lemma rho_iso_preserves_disc_form:
  assumes L1: "is_int_lattice G1" and L2: "is_int_lattice G2"
    and iso: "rho_iso G1 G2 phiC phiD"
    and X: "X \<in> disc G1" and Y: "Y \<in> disc G1"
  shows "disc_form G2 (phiD X) (phiD Y) = disc_form G1 X Y"
proof -
  have sym1: "\<forall>i j. G1 i j = G1 j i" and sym2: "\<forall>i j. G2 i j = G2 j i"
    using L1 L2 by (simp_all add: is_int_lattice_def)
  have bij: "bij_betw phiC (charclasses G1) (charclasses G2)"
    and rho_eq: "\<And>C. C \<in> charclasses G1 \<Longrightarrow> rho G2 (phiC C) = rho G1 C"
    and diff: "\<And>C C'. C \<in> charclasses G1 \<Longrightarrow> C' \<in> charclasses G1 \<Longrightarrow>
      char_diff (phiC C) (phiC C') = phiD (char_diff C C')"
    using iso unfolding rho_iso_def by simp_all
  obtain C0 C1 C2 C3 where C: "C0 \<in> charclasses G1" "C1 \<in> charclasses G1"
      "C2 \<in> charclasses G1" "C3 \<in> charclasses G1"
    and XY: "char_diff C1 C0 = X" "char_diff C2 C0 = Y" "char_diff C3 C1 = Y"
    using char_class_square[OF L1 X Y] .
  have C': "phiC C0 \<in> charclasses G2" "phiC C1 \<in> charclasses G2"
      "phiC C2 \<in> charclasses G2" "phiC C3 \<in> charclasses G2"
    using bij_betw_apply[OF bij] C by blast+
  have XY': "char_diff (phiC C1) (phiC C0) = phiD X" "char_diff (phiC C2) (phiC C0) = phiD Y"
      "char_diff (phiC C3) (phiC C1) = phiD Y"
    using diff[OF C(2,1)] diff[OF C(3,1)] diff[OF C(4,2)] XY by simp_all
  have "disc_form G2 (phiD X) (phiD Y)
      = rho_polar (rho G2 (phiC C0)) (rho G2 (phiC C1)) (rho G2 (phiC C2)) (rho G2 (phiC C3))"
    by (rule disc_form_eq_rho_polar[OF sym2 C' XY'])
  also have "\<dots> = rho_polar (rho G1 C0) (rho G1 C1) (rho G1 C2) (rho G1 C3)"
    using rho_eq C by simp
  also have "\<dots> = disc_form G1 X Y"
    by (rule disc_form_eq_rho_polar[OF sym1 C XY, symmetric])
  finally show ?thesis .
qed

theorem lemma2p3:
  fixes G1 :: "'n::finite \<Rightarrow> 'n \<Rightarrow> int" and G2 :: "'m::finite \<Rightarrow> 'm \<Rightarrow> int"
    and phiC phiD :: "('n \<Rightarrow> rat) set \<Rightarrow> ('m \<Rightarrow> rat) set"
  assumes "is_int_lattice G1" and "is_int_lattice G2"
    and "rho_iso G1 G2 phiC phiD"
  shows "disc_form_iso G1 G2 phiD"
proof -
  have "bij_betw phiD (disc G1) (disc G2)"
    and "\<forall>X\<in>disc G1. \<forall>Y\<in>disc G1. phiD (coset_add X Y) = coset_add (phiD X) (phiD Y)"
    using assms(3) unfolding rho_iso_def by simp_all
  then show ?thesis
    unfolding disc_form_iso_def using rho_iso_preserves_disc_form[OF assms] by simp
qed

end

HOW TO COMPLETE THIS TASK: Beginning at the line where "using assms(3) unfolding" appears, extract each line through the end of the data above; keep them exact and include nothing else.

FINAL ANSWER:
    using assms(3) unfolding rho_iso_def by simp_all
  then show ?thesis
    unfolding disc_form_iso_def using rho_iso_preserves_disc_form[OF assms] by simp
qed

end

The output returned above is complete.